Saved entries:
(* Let $u,v>0$ and consider the map $(x,y)\mapsto\big(uy(1-y),\ vx(1-x)\big)$ (Kopel's map with $a=b=1$). Define $R_1=u^2v^2-4u^2v-4uv^2+18uv-27$, $S_3=u^3v^3-4u^3v^2-4u^2v^3+15u^2v^2+12u^2v+12uv^2-85uv+125$, $A_1=uv-15$, $A_2=u^2v^2-4u^2v-5uv^2+21uv+11v-60$. If $R_1>0$, $S_3>0$, $A_1<0$ and $A_2>0$, then two locally stable positive equilibria exist. Furthermore, exactly one locally stable positive equilibrium exists if either ($uv>1$, $R_1<0$, $S_3>0$) or ($uv>1$, $R_1>0$, $S_3<0$).
   Context: An equilibrium is a real fixed point $(x^*,y^* )$; it is positive if $x^*,y^*>0$. An equilibrium is called (locally) stable if both eigenvalues of the Jacobian matrix of the map at it have modulus less than $1$; for a general Kopel map $(x,y)\mapsto((1-a)x+auy(1-y),(1-b)y+bvx(1-x))$ the Jacobian at $(x^*,y^* )$ is $\begin{pmatrix}1-a & ua(1-2y^* )\\ vb(1-2x^* ) & 1-b\end{pmatrix}$, and stability is equivalent to the Jury conditions $1-\mathrm{Tr}(J)+\mathrm{Det}(J)>0$, $1+\mathrm{Tr}(J)+\mathrm{Det}(J)>0$, $1-\mathrm{Det}(J)>0$. *)

theory Defs
  imports Complex_Main
begin

definition kopel :: "real \<Rightarrow> real \<Rightarrow> real \<Rightarrow> real \<Rightarrow> real \<times> real \<Rightarrow> real \<times> real" where
  "kopel a b u v p = (case p of (x, y) \<Rightarrow>
      ((1 - a) * x + a * u * y * (1 - y), (1 - b) * y + b * v * x * (1 - x)))"

definition kopel_equilibrium :: "real \<Rightarrow> real \<Rightarrow> real \<Rightarrow> real \<Rightarrow> real \<times> real \<Rightarrow> bool" where
  "kopel_equilibrium a b u v p \<longleftrightarrow> kopel a b u v p = p"

definition positive_point :: "real \<times> real \<Rightarrow> bool" where
  "positive_point p \<longleftrightarrow> fst p > 0 \<and> snd p > 0"

definition kopel_jacobian :: "real \<Rightarrow> real \<Rightarrow> real \<Rightarrow> real \<Rightarrow> real \<times> real \<Rightarrow> nat \<Rightarrow> nat \<Rightarrow> real" where
  "kopel_jacobian a b u v p i j = (case p of (x, y) \<Rightarrow>
     (if i = 0 \<and> j = 0 then 1 - a
      else if i = 0 \<and> j = 1 then u * a * (1 - 2 * y)
      else if i = 1 \<and> j = 0 then v * b * (1 - 2 * x)
      else 1 - b))"

definition eigenvalue2 :: "(nat \<Rightarrow> nat \<Rightarrow> real) \<Rightarrow> complex \<Rightarrow> bool" where
  "eigenvalue2 M l \<longleftrightarrow>
     (l - complex_of_real (M 0 0)) * (l - complex_of_real (M 1 1))
       - complex_of_real (M 0 1) * complex_of_real (M 1 0) = 0"

definition kopel_stable :: "real \<Rightarrow> real \<Rightarrow> real \<Rightarrow> real \<Rightarrow> real \<times> real \<Rightarrow> bool" where
  "kopel_stable a b u v p \<longleftrightarrow>
     (\<forall>l. eigenvalue2 (kopel_jacobian a b u v p) l \<longrightarrow> cmod l < 1)"

definition stable_pos_eq :: "real \<Rightarrow> real \<Rightarrow> real \<Rightarrow> real \<Rightarrow> real \<times> real \<Rightarrow> bool" where
  "stable_pos_eq a b u v p \<longleftrightarrow>
     kopel_equilibrium a b u v p \<and> positive_point p \<and> kopel_stable a b u v p"

end

theory Submission
  imports Defs "HOL-Library.Quadratic_Discriminant"
begin

text \<open>Write \<open>g\<close> for \<open>eq_cubic u v\<close> and \<open>h\<close> for \<open>jury_margin u v\<close>. The positive equilibria
  are the points \<open>(x, v x (1 - x))\<close> with \<open>x\<close> a root of \<open>g\<close> in \<open>(0, 1)\<close>, and for \<open>u v > 1\<close>
  every real root of \<open>g\<close> lies there. The Jacobian at such a point has zero diagonal, so its
  eigenvalues satisfy \<open>\<lambda>\<^sup>2 = 1 + x g'(x)\<close>, and the equilibrium is stable iff \<open>g'(x) < 0\<close>
  and \<open>h(x) = 2 + x g'(x) > 0\<close>.

  \<open>R1\<close> is the discriminant of \<open>g\<close> up to a positive factor, and \<open>S3\<close> is the product of \<open>h\<close>
  over the three complex roots of \<open>g\<close>. If \<open>R1 < 0\<close>, \<open>g\<close> has one real root, \<open>g'\<close> is negative
  there, and the product of \<open>h\<close> over the conjugate pair is positive, so \<open>h\<close> at the real root
  has the sign of \<open>S3\<close>. If \<open>R1 > 0\<close>, the roots \<open>a < b < c\<close> have \<open>g'\<close> negative, positive,
  negative; since \<open>h(b) > 0\<close>, \<open>S3 < 0\<close> makes exactly one of \<open>h(a), h(c)\<close> positive. Finally,
  the values of \<open>h\<close> at the roots solve \<open>h\<^sup>3 + (u v - 15) h\<^sup>2 - T h - S3 = 0\<close>, which has
  no root \<open>h \<le> 0\<close> when \<open>A1 < 0\<close>, \<open>T < 0\<close> and \<open>S3 > 0\<close>; and \<open>T < 0\<close> follows from
  \<open>A1 < 0\<close>, \<open>A2 > 0\<close>, \<open>S3 > 0\<close> by a fine estimate near \<open>u = v = sqrt 12\<close>.\<close>

definition eq_cubic :: "real \<Rightarrow> real \<Rightarrow> real \<Rightarrow> real" where
  "eq_cubic u v x = -u*v^2*x^3 + 2*u*v^2*x^2 - u*v*(v+1)*x + (u*v - 1)"

definition eq_cubic_deriv :: "real \<Rightarrow> real \<Rightarrow> real \<Rightarrow> real" where
  "eq_cubic_deriv u v x = -3*u*v^2*x^2 + 4*u*v^2*x - u*v*(v+1)"

(* At a root x of eq_cubic this is 1 - Det J at the equilibrium (x, v x (1 - x)). *)
definition jury_margin :: "real \<Rightarrow> real \<Rightarrow> real \<Rightarrow> real" where
  "jury_margin u v x = 2 + x * eq_cubic_deriv u v x"

definition stable_root :: "real \<Rightarrow> real \<Rightarrow> real \<Rightarrow> bool" where
  "stable_root u v x \<longleftrightarrow>
     0 < x \<and> x < 1 \<and> eq_cubic u v x = 0 \<and> eq_cubic_deriv u v x < 0 \<and> jury_margin u v x > 0"

section \<open>Equilibria and their stability\<close>

lemma antidiagonal_eigenvalues_lt1_iff:
  assumes "M 0 0 = 0" and "M 1 1 = 0"
  shows "(\<forall>l. eigenvalue2 M l \<longrightarrow> cmod l < 1) \<longleftrightarrow> \<bar>M 0 1 * M 1 0\<bar> < 1"
proof -
  define c where "c = M 0 1 * M 1 0"
  have eig: "eigenvalue2 M l \<longleftrightarrow> l\<^sup>2 = complex_of_real c" for l
    using assms by (simp add: eigenvalue2_def c_def power2_eq_square)
  have norm_eig: "cmod l ^ 2 = \<bar>c\<bar>" if "eigenvalue2 M l" for l
    using that by (simp add: eig flip: norm_power)
  show ?thesis
    unfolding c_def[symmetric]
  proof
    assume "\<forall>l. eigenvalue2 M l \<longrightarrow> cmod l < 1"
    moreover have "eigenvalue2 M (csqrt c)"
      by (simp add: eig)
    ultimately have "sqrt \<bar>c\<bar> < 1"
      by fastforce
    then show "\<bar>c\<bar> < 1"
      by simp
  next
    assume "\<bar>c\<bar> < 1"
    then show "\<forall>l. eigenvalue2 M l \<longrightarrow> cmod l < 1"
      using norm_eig by (metis abs_norm_cancel abs_square_less_1)
  qed
qed

lemma kopel_11: "kopel 1 1 u v (x, y) = (u*y*(1-y), v*x*(1-x))"
  by (simp add: kopel_def)

lemma kopel_stable_11_iff:
  "kopel_stable 1 1 u v (x, y) \<longleftrightarrow> \<bar>u*(1 - 2*y) * (v*(1 - 2*x))\<bar> < 1"
  using antidiagonal_eigenvalues_lt1_iff[of "kopel_jacobian 1 1 u v (x, y)"]
  by (simp add: kopel_stable_def kopel_jacobian_def)

lemma x_times_eq_cubic: "x * eq_cubic u v x = u * (v*x*(1-x)) * (1 - v*x*(1-x)) - x"
  unfolding eq_cubic_def by algebra

lemma jacobian_product_on_graph:
  "u*(1 - 2*(v*x*(1-x))) * (v*(1 - 2*x)) = jury_margin u v x - 1 + eq_cubic u v x"
  unfolding jury_margin_def eq_cubic_def eq_cubic_deriv_def by algebra

lemma pos_equilibrium_iff:
  assumes "v > 0"
  shows "kopel_equilibrium 1 1 u v P \<and> positive_point P \<longleftrightarrow>
         (\<exists>x. P = (x, v*x*(1-x)) \<and> 0 < x \<and> x < 1 \<and> eq_cubic u v x = 0)"
proof
  assume "kopel_equilibrium 1 1 u v P \<and> positive_point P"
  then obtain x y where P: "P = (x, y)" and fix1: "u*y*(1-y) = x" and fix2: "v*x*(1-x) = y"
    and "x > 0" and "y > 0"
    by (cases P) (simp add: kopel_equilibrium_def positive_point_def kopel_11)
  have "0 < (v*x) * (1-x)" and "0 < v*x"
    using fix2 \<open>y > 0\<close> \<open>v > 0\<close> \<open>x > 0\<close> by simp_all
  then have "x < 1"
    by (simp add: zero_less_mult_iff)
  moreover have "eq_cubic u v x = 0"
    using x_times_eq_cubic[of x u v] fix1 fix2 \<open>x > 0\<close> by simp
  ultimately show "\<exists>x. P = (x, v*x*(1-x)) \<and> 0 < x \<and> x < 1 \<and> eq_cubic u v x = 0"
    using P fix2 \<open>x > 0\<close> by auto
next
  assume "\<exists>x. P = (x, v*x*(1-x)) \<and> 0 < x \<and> x < 1 \<and> eq_cubic u v x = 0"
  then obtain x where P: "P = (x, v*x*(1-x))" and "0 < x" "x < 1" "eq_cubic u v x = 0"
    by blast
  then show "kopel_equilibrium 1 1 u v P \<and> positive_point P"
    using \<open>v > 0\<close> x_times_eq_cubic[of x u v]
    by (simp add: kopel_equilibrium_def positive_point_def kopel_11)
qed

lemma stable_at_root_iff:
  assumes "x > 0" and "eq_cubic u v x = 0"
  shows "kopel_stable 1 1 u v (x, v*x*(1-x)) \<longleftrightarrow>
         eq_cubic_deriv u v x < 0 \<and> jury_margin u v x > 0"
proof -
  have "kopel_stable 1 1 u v (x, v*x*(1-x)) \<longleftrightarrow>
        -2 < x * eq_cubic_deriv u v x \<and> x * eq_cubic_deriv u v x < 0"
    using jacobian_product_on_graph[of u v x] assms(2)
    by (auto simp: kopel_stable_11_iff jury_margin_def abs_less_iff)
  also have "\<dots> \<longleftrightarrow> eq_cubic_deriv u v x < 0 \<and> jury_margin u v x > 0"
    using \<open>x > 0\<close> by (auto simp: jury_margin_def mult_less_0_iff)
  finally show ?thesis .
qed

lemma stable_pos_eq_iff:
  assumes "v > 0"
  shows "stable_pos_eq 1 1 u v P \<longleftrightarrow> (\<exists>x. P = (x, v*x*(1-x)) \<and> stable_root u v x)"
proof -
  have "stable_pos_eq 1 1 u v P \<longleftrightarrow> (\<exists>x. P = (x, v*x*(1-x)) \<and> 0 < x \<and> x < 1 \<and>
          eq_cubic u v x = 0 \<and> kopel_stable 1 1 u v (x, v*x*(1-x)))"
    using pos_equilibrium_iff[OF assms] unfolding stable_pos_eq_def by (metis (no_types, lifting))
  also have "\<dots> \<longleftrightarrow> (\<exists>x. P = (x, v*x*(1-x)) \<and> stable_root u v x)"
    using stable_at_root_iff unfolding stable_root_def by auto
  finally show ?thesis .
qed

lemma ex1_stable_pos_eq_if_ex1_stable_root:
  assumes "v > 0" and "\<exists>!x. stable_root u v x"
  shows "\<exists>!P. stable_pos_eq 1 1 u v P"
proof -
  obtain x where x: "stable_root u v x" and unique: "\<And>y. stable_root u v y \<Longrightarrow> y = x"
    using assms(2) by blast
  show ?thesis
  proof (rule ex1I)
    show "stable_pos_eq 1 1 u v (x, v*x*(1-x))"
      using x stable_pos_eq_iff[OF assms(1)] by blast
  next
    fix P
    assume "stable_pos_eq 1 1 u v P"
    then show "P = (x, v*x*(1-x))"
      using unique stable_pos_eq_iff[OF assms(1)] by blast
  qed
qed

lemma two_stable_pos_eq_if_two_stable_roots:
  assumes "v > 0" and "stable_root u v a" and "stable_root u v c" and "a \<noteq> c"
  shows "\<exists>p q. p \<noteq> q \<and> stable_pos_eq 1 1 u v p \<and> stable_pos_eq 1 1 u v q"
  using assms unfolding stable_pos_eq_iff[OF assms(1)] by blast

section \<open>Roots of the equilibrium cubic\<close>

definition R1_poly :: "real \<Rightarrow> real \<Rightarrow> real" where
  "R1_poly u v = u^2*v^2 - 4*u^2*v - 4*u*v^2 + 18*u*v - 27"

definition S3_poly :: "real \<Rightarrow> real \<Rightarrow> real" where
  "S3_poly u v = u^3*v^3 - 4*u^3*v^2 - 4*u^2*v^3 + 15*u^2*v^2 + 12*u^2*v + 12*u*v^2 - 85*u*v + 125"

▶ TASK GOAL: Return, word for word, the lines of the data above from the line with "real \<times> real \<Rightarrow> real" through the line with "(\<forall>l. eigenvalue2 (kopel_jacobian", inclusive.

▶ EXPECTED ANSWER:
definition kopel :: "real \<Rightarrow> real \<Rightarrow> real \<Rightarrow> real \<Rightarrow> real \<times> real \<Rightarrow> real \<times> real" where
  "kopel a b u v p = (case p of (x, y) \<Rightarrow>
      ((1 - a) * x + a * u * y * (1 - y), (1 - b) * y + b * v * x * (1 - x)))"

definition kopel_equilibrium :: "real \<Rightarrow> real \<Rightarrow> real \<Rightarrow> real \<Rightarrow> real \<times> real \<Rightarrow> bool" where
  "kopel_equilibrium a b u v p \<longleftrightarrow> kopel a b u v p = p"

definition positive_point :: "real \<times> real \<Rightarrow> bool" where
  "positive_point p \<longleftrightarrow> fst p > 0 \<and> snd p > 0"

definition kopel_jacobian :: "real \<Rightarrow> real \<Rightarrow> real \<Rightarrow> real \<Rightarrow> real \<times> real \<Rightarrow> nat \<Rightarrow> nat \<Rightarrow> real" where
  "kopel_jacobian a b u v p i j = (case p of (x, y) \<Rightarrow>
     (if i = 0 \<and> j = 0 then 1 - a
      else if i = 0 \<and> j = 1 then u * a * (1 - 2 * y)
      else if i = 1 \<and> j = 0 then v * b * (1 - 2 * x)
      else 1 - b))"

definition eigenvalue2 :: "(nat \<Rightarrow> nat \<Rightarrow> real) \<Rightarrow> complex \<Rightarrow> bool" where
  "eigenvalue2 M l \<longleftrightarrow>
     (l - complex_of_real (M 0 0)) * (l - complex_of_real (M 1 1))
       - complex_of_real (M 0 1) * complex_of_real (M 1 0) = 0"

definition kopel_stable :: "real \<Rightarrow> real \<Rightarrow> real \<Rightarrow> real \<Rightarrow> real \<times> real \<Rightarrow> bool" where
  "kopel_stable a b u v p \<longleftrightarrow>
     (\<forall>l. eigenvalue2 (kopel_jacobian a b u v p) l \<longrightarrow> cmod l < 1)"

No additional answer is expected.